Полная версия
ВОЙНА БОГОВ
У самого входа в штольню, где скапливался самый сухой воздух, тлел невысокий, но жаркий костёр, сложенный из крупных угольных кусков. Пламя лизало чёрные грани, выбрасывая вверх короткие, оранжевые языки и потрескивая тихим, утробным звуком — будто где-то глубоко в земле лопались пустоты.
Над огнём стояла жаровня. Две железные рогульки, когда-то ровные, теперь были примяты ударами и вбиты в землю под едва заметным углом. Их поверхность, некогда покрытая ковкой, теперь была шершавой от бесчисленных слоёв нагара и окалины, отсвечивая в огне тусклым, бурым металлом. Между ними лежал поперечный прут, прогнувшийся посередине от долгой службы под тяжестью котелков. На нём висел главный труженик — закопчённый до матовой черноты чугунный котелок. Его кованый крюк был настолько привычен к своему месту, что даже не болтался, а плотно сидел в выемке на пруте.
Рядом с костром, служа сиденьями, лежали несколько старых ящиков из толстых досок. Когда-то они использовались для перетаскивания добытой руды из забоя, но годы сделали своё: дерево рассохлось и посерело, железные оковки проржавели, а углы стёрлись до округлости.
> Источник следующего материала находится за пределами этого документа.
(* Let $\mathcal{H}(T^2)=\hat{\mathcal{O}}_{\mathbb{Q}}$ be the $\mathbb{C}_q$-module of (possibly infinite) formal sums $\sum_{n,m\in\mathbb{Q}}c_{n,m}Y^nX^m$ with $c_{n,m}\in\mathbb{C}_q$. For $\gamma=\begin{pmatrix} a & b\\ c & d\end{pmatrix}\in SL(2,\mathbb{Z})$ let $\rho(\gamma)$ be the $\mathbb{C}_q$-linear map on $\mathcal{H}(T^2)$ defined termwise on basis elements by $$\rho(\gamma)(Y^nX^m)=q^{-abm^2-2bcmn-cdn^2}\,Y^{bm+dn}X^{am+cn}\qquad(m,n\in\mathbb{Q}).$$ Then this representation of $SL(2,\mathbb{Z})$ on $\mathcal{H}(T^2)$ is faithful: if $\rho(\gamma)=\rho(\gamma')$ then $\gamma=\gamma'$.
   Context: $\mathbb{C}_q$ denotes the algebraic closure of the field $\mathbb{C}((q))$ of formal Laurent series in $q$. The symbols $Y^nX^m$ ($m,n\in\mathbb{Q}$) are formal basis elements (ordered monomials in the quantum torus with $X^\lambda Y^\mu=q^{-2\lambda\mu}Y^\mu X^\lambda$), and elements of $\hat{\mathcal{O}}_{\mathbb{Q}}$ are arbitrary formal $\mathbb{C}_q$-linear combinations of them, with infinitely many nonzero coefficients allowed; $\rho(\gamma)$ acts coefficientwise on such sums. *)

theory Defs
  imports "HOL-Computational_Algebra.Formal_Laurent_Series" "HOL-Algebra.Algebraic_Closure_Type"
begin

type_synonym Cq = "complex fls alg_closure"

definition qC :: Cq where "qC = to_ac fls_X"

definition qpow :: "rat \<Rightarrow> Cq" where
  "qpow = (SOME f. f 1 = qC \<and> (\<forall>r s. f (r + s) = f r * f s) \<and> (\<forall>r. f r \<noteq> 0))"

text \<open>Elements of O_Q-hat: arbitrary formal sums  sum c(n,m) Y^n X^m, recorded by their
  coefficient function (n,m) \<mapsto> c(n,m); infinitely many nonzero coefficients allowed.\<close>
type_synonym OQ = "rat \<times> rat \<Rightarrow> Cq"

text \<open>SL(2,Z), a matrix (a b; c d) stored as the tuple (a,b,c,d).\<close>
definition SL2Z :: "(int \<times> int \<times> int \<times> int) set" where
  "SL2Z = {(a, b, c, d). a * d - b * c = 1}"

text \<open>rho(gamma) acting coefficientwise: Y^n X^m is sent to
  q^(-abm^2-2bcmn-cdn^2) Y^(bm+dn) X^(am+cn); the coefficient of Y^n' X^m' of the image
  collects the contributions of all (n,m) mapped to (n',m') (exactly one for gamma in SL2Z).\<close>
definition rho :: "int \<times> int \<times> int \<times> int \<Rightarrow> OQ \<Rightarrow> OQ" where
  "rho \<gamma> f = (case \<gamma> of (a, b, c, d) \<Rightarrow>
     (\<lambda>(n', m'). \<Sum>(n, m) \<in> {(n, m). of_int b * m + of_int d * n = n' \<and> of_int a * m + of_int c * n = m'}.
        qpow (- (of_int a * of_int b * m^2 + 2 * of_int b * of_int c * m * n + of_int c * of_int d * n^2))
          * f (n, m)))"

end

theory Submission
  imports Defs
begin

(* rho(gamma) sends Y^n X^m to a nonzero multiple of the single monomial Y^(bm+dn) X^(am+cn):
   the exponent map is injective since det gamma = 1, and the coefficient is a rational power
   of q. Comparing the images of X and Y recovers (b, a) and (d, c). Since qpow is a choice,
   its values are nonzero only once some homomorphism (Q,+) -> C_q^* with 1 |-> q is exhibited;
   one is built from a compatible tower of k!-th roots of q in the algebraically closed field. *)

primrec root_tower :: "'a::alg_closed_field \<Rightarrow> nat \<Rightarrow> 'a" where
  "root_tower x 0 = x"
| "root_tower x (Suc k) = (SOME y. y ^ Suc k = root_tower x k)"

declare root_tower.simps(2) [simp del]

lemma root_tower_Suc_power: "root_tower x (Suc k) ^ Suc k = root_tower x k"
  unfolding root_tower.simps(2) by (rule someI_ex) (rule nth_root_exists, simp)

lemma root_tower_nonzero: "x \<noteq> 0 \<Longrightarrow> root_tower x k \<noteq> 0"
  by (induction k) (simp, metis power_0_Suc root_tower_Suc_power)

lemma root_tower_power_fact:
  assumes "k \<le> K"
  shows "root_tower x K ^ (fact K div fact k) = root_tower x k"
  using assms
proof (induction K rule: dec_induct)
  case base
  show ?case by simp
next
  case (step K)
  have "fact (Suc K) div fact k = Suc K * (fact K div fact k)"
    using fact_dvd[OF step.hyps(1)] by (metis div_mult_swap fact_Suc of_nat_id)
  then have "root_tower x (Suc K) ^ (fact (Suc K) div fact k)
      = (root_tower x (Suc K) ^ Suc K) ^ (fact K div fact k)"
    by (simp only: power_mult)
  then show ?case
    by (simp only: root_tower_Suc_power step.IH)
qed

lemma root_tower_powi_fact:
  "k \<le> K \<Longrightarrow> root_tower x K powi (int (fact K div fact k) * z) = root_tower x k powi z"
  by (simp flip: power_int_power add: root_tower_power_fact)

definition rat_denom :: "rat \<Rightarrow> nat" where
  "rat_denom r = nat (snd (quotient_of r))"

lemma rat_times_fact_Ints:
  assumes "rat_denom r \<le> K"
  shows "r * fact K \<in> \<int>"
proof -
  obtain p q where pq: "quotient_of r = (p, q)" by fastforce
  have "q > 0" using quotient_of_denom_pos[OF pq] .
  then have "nat q dvd fact K"
    using assms by (intro dvd_fact) (auto simp: rat_denom_def pq)
  then obtain t where "fact K = nat q * t" by (auto elim: dvdE)
  then have "(fact K :: rat) = of_int q * of_nat t"
    using \<open>q > 0\<close> by (metis of_nat_fact of_nat_mult of_int_of_nat_eq int_nat_eq less_le_not_le)
  then have "r * fact K = of_int (p * int t)"
    using \<open>q > 0\<close> by (simp add: quotient_of_div[OF pq])
  then show ?thesis by simp
qed

definition rat_power :: "'a::alg_closed_field \<Rightarrow> rat \<Rightarrow> 'a" where
  "rat_power x r = root_tower x (rat_denom r) powi \<lfloor>r * fact (rat_denom r)\<rfloor>"

lemma rat_power_eq_root_tower:
  assumes "rat_denom r \<le> K"
  shows "rat_power x r = root_tower x K powi \<lfloor>r * fact K\<rfloor>"
proof -
  define k where "k = rat_denom r"
  obtain z where z: "r * fact k = of_int z"
    using rat_times_fact_Ints[of r k] by (auto simp: k_def elim: Ints_cases)
  have "fact k dvd (fact K :: nat)"
    using assms by (simp add: k_def fact_dvd)
  then have "fact k * (fact K div fact k) = (fact K :: nat)"
    by simp
  then have "(fact K :: rat) = fact k * of_nat (fact K div fact k)"
    by (metis of_nat_fact of_nat_mult)
  then have rK: "r * fact K = of_int (int (fact K div fact k) * z)"
    by (simp add: z flip: mult.assoc)
  have "rat_power x r = root_tower x k powi z"
    by (simp add: rat_power_def z flip: k_def)
  also have "\<dots> = root_tower x K powi (int (fact K div fact k) * z)"
    using assms unfolding k_def by (rule root_tower_powi_fact [symmetric])
  also have "\<dots> = root_tower x K powi \<lfloor>r * fact K\<rfloor>"
    by (simp only: rK floor_of_int)
  finally show ?thesis .
qed

lemma rat_power_1: "rat_power x 1 = x"
  using rat_power_eq_root_tower[of 1 1 x] root_tower_Suc_power[of x 0] by (simp add: rat_denom_def)

lemma rat_power_add:
  assumes "x \<noteq> 0"
  shows "rat_power x (r + s) = rat_power x r * rat_power x s"
proof -
  define K where "K = max (rat_denom (r + s)) (max (rat_denom r) (rat_denom s))"
  have "r * fact K \<in> \<int>" "s * fact K \<in> \<int>"
    by (auto intro!: rat_times_fact_Ints simp: K_def)
  then obtain z w where z: "r * fact K = of_int z" and w: "s * fact K = of_int w"
    by (auto elim!: Ints_cases)
  have "(r + s) * fact K = of_int (z + w)"
    using z w by (simp add: distrib_right)
  then show ?thesis
    using rat_power_eq_root_tower[of _ K x] z w
    by (simp add: K_def power_int_add root_tower_nonzero[OF assms])
qed

lemma rat_power_nonzero: "x \<noteq> 0 \<Longrightarrow> rat_power x r \<noteq> 0"
  by (simp add: rat_power_def root_tower_nonzero)

lemma qpow_nonzero: "qpow r \<noteq> 0"
proof -
  have "qC \<noteq> 0" by (simp add: qC_def)
  then have "\<exists>f :: rat \<Rightarrow> Cq. f 1 = qC \<and> (\<forall>r s. f (r + s) = f r * f s) \<and> (\<forall>r. f r \<noteq> 0)"
    by (intro exI[of _ "rat_power qC"]) (simp add: rat_power_1 \<open>qC \<noteq> 0\<close> rat_power_add rat_power_nonzero)
  then show ?thesis
    unfolding qpow_def by (rule someI2_ex) blast
qed

definition YX :: "rat \<Rightarrow> rat \<Rightarrow> OQ" where
  "YX n m = (\<lambda>p. if p = (n, m) then 1 else 0)"

lemma linear_map_2x2_inj:
  fixes a b c d m n m' n' :: "'a::field"
  assumes det: "a * d - b * c \<noteq> 0"
    and Y: "b * m + d * n = b * m' + d * n'"
    and X: "a * m + c * n = a * m' + c * n'"
  shows "m = m' \<and> n = n'"
proof -
  have "(a * d - b * c) * (n - n') = a * (b * m + d * n - (b * m' + d * n'))
      - b * (a * m + c * n - (a * m' + c * n'))"
    by (simp add: algebra_simps)
  moreover have "(a * d - b * c) * (m - m') = d * (a * m + c * n - (a * m' + c * n'))
      - c * (b * m + d * n - (b * m' + d * n'))"
    by (simp add: algebra_simps)
  ultimately show ?thesis
    using det X Y by simp
qed

lemma rho_YX:
  assumes "(a, b, c, d) \<in> SL2Z"
  shows "rho (a, b, c, d) (YX n m) p =
    qpow (- (of_int a * of_int b * m^2 + 2 * of_int b * of_int c * m * n + of_int c * of_int d * n^2))
    * YX (of_int b * m + of_int d * n) (of_int a * m + of_int c * n) p"
proof (cases p)
  case (Pair n' m')
  let ?S = "{(n0, m0). of_int b * m0 + of_int d * n0 = n' \<and> of_int a * m0 + of_int c * n0 = m'}"
  have "a * d - b * c = 1"
    using assms by (simp add: SL2Z_def)
  then have det: "of_int a * of_int d - of_int b * of_int c \<noteq> (0 :: rat)"
    by (metis of_int_1 of_int_diff of_int_mult one_neq_zero)
  show ?thesis
  proof (cases "(n', m') = (of_int b * m + of_int d * n, of_int a * m + of_int c * n)")
    case True
    have "n0 = n \<and> m0 = m" if "(n0, m0) \<in> ?S" for n0 m0
      using linear_map_2x2_inj[OF det, of m0 n0 m n] that True by auto
    then have "?S = {(n, m)}"
      using True by auto
    then show ?thesis
      using True Pair by (simp add: rho_def YX_def)
  next
    case False
    then have "(n, m) \<notin> ?S" by auto
    then show ?thesis
      using False Pair by (auto simp: rho_def YX_def intro!: sum.neutral)
  qed
qed

lemma rho_YX_determines_image:
  assumes "(a, b, c, d) \<in> SL2Z" and "(a', b', c', d') \<in> SL2Z"
    and "rho (a, b, c, d) (YX n m) = rho (a', b', c', d') (YX n m)"
  shows "of_int b * m + of_int d * n = of_int b' * m + of_int d' * n
    \<and> of_int a * m + of_int c * n = of_int a' * m + of_int c' * n"
proof -
  let ?p = "(of_int b * m + of_int d * n, of_int a * m + of_int c * n)"
  have "rho (a', b', c', d') (YX n m) ?p \<noteq> 0"
    unfolding assms(3) [symmetric] rho_YX[OF assms(1)] by (simp add: YX_def qpow_nonzero)
  then show ?thesis
    unfolding rho_YX[OF assms(2)] by (auto simp: YX_def split: if_splits)
qed

theorem mainTheorem2:
  assumes "\<gamma> \<in> SL2Z" and "\<gamma>' \<in> SL2Z" and "rho \<gamma> = rho \<gamma>'"
  shows "\<gamma> = \<gamma>'"
proof -
  obtain a b c d a' b' c' d' where \<gamma>: "\<gamma> = (a, b, c, d)" and \<gamma>': "\<gamma>' = (a', b', c', d')"
    by (metis prod_cases4)
  have X: "(of_int b :: rat) = of_int b' \<and> (of_int a :: rat) = of_int a'"
    using rho_YX_determines_image[of a b c d a' b' c' d' 0 1] assms by (simp add: \<gamma> \<gamma>')
  have Y: "(of_int d :: rat) = of_int d' \<and> (of_int c :: rat) = of_int c'"
    using rho_YX_determines_image[of a b c d a' b' c' d' 1 0] assms by (simp add: \<gamma> \<gamma>')
  show ?thesis
    using X Y by (simp add: \<gamma> \<gamma>')
qed

end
На них, чтобы сидеть было не так жёстко, были накиданы старые, заплатанные телогрейки и свёрнутые в валики импровизированные подушки, впитавшие в себя запах пота и каменной пыли многих поколений шахтёров.
Где-то в глубине штрека мерно стучал молоток.
На одном таком ящике, накинув на плечи старую куртку, сидел Саламон. Он снял котелок, поставил его рядом на плоский камень. Достал из торбы глубокую деревянную миску, почерневшую от времени и жира, и свою ложку — крепкую, дубовую, отполированную долгим использованием до гладкости кости. Аккуратно вылил содержимое котелка — густую похлёбку — в миску. Потом взял из-за пазухи свёрток из грубого холста, развязал и высыпал в ту же миску свою добавку: горсть тёмного вяленого мяса и ломкие сушёные коренья. Всё тщательно перемешал, поднёс миску к лицу, подул на ложку, попробовал и, морщась, снова помешал — пересолил.
Саламон покосился в сторону стука и хмыкнул:
— Генри опять до темноты. Жена, наверное, уже трижды ужин разогрела.
Эрик, усаживаясь на соседний ящик, пожал плечами:
— Зато мы с тобой никого не ждём и нас никто не ждёт. — Он молча достал из своего холщового мешочка порцию серой ячменной каши. — Холостяцкое счастье.
Только тогда, когда ритуал подготовки был завершён, он высыпал крупу в пустой, ещё тёплый котелок, долил воды из фляги и поставил на край костра, где угли только тлели.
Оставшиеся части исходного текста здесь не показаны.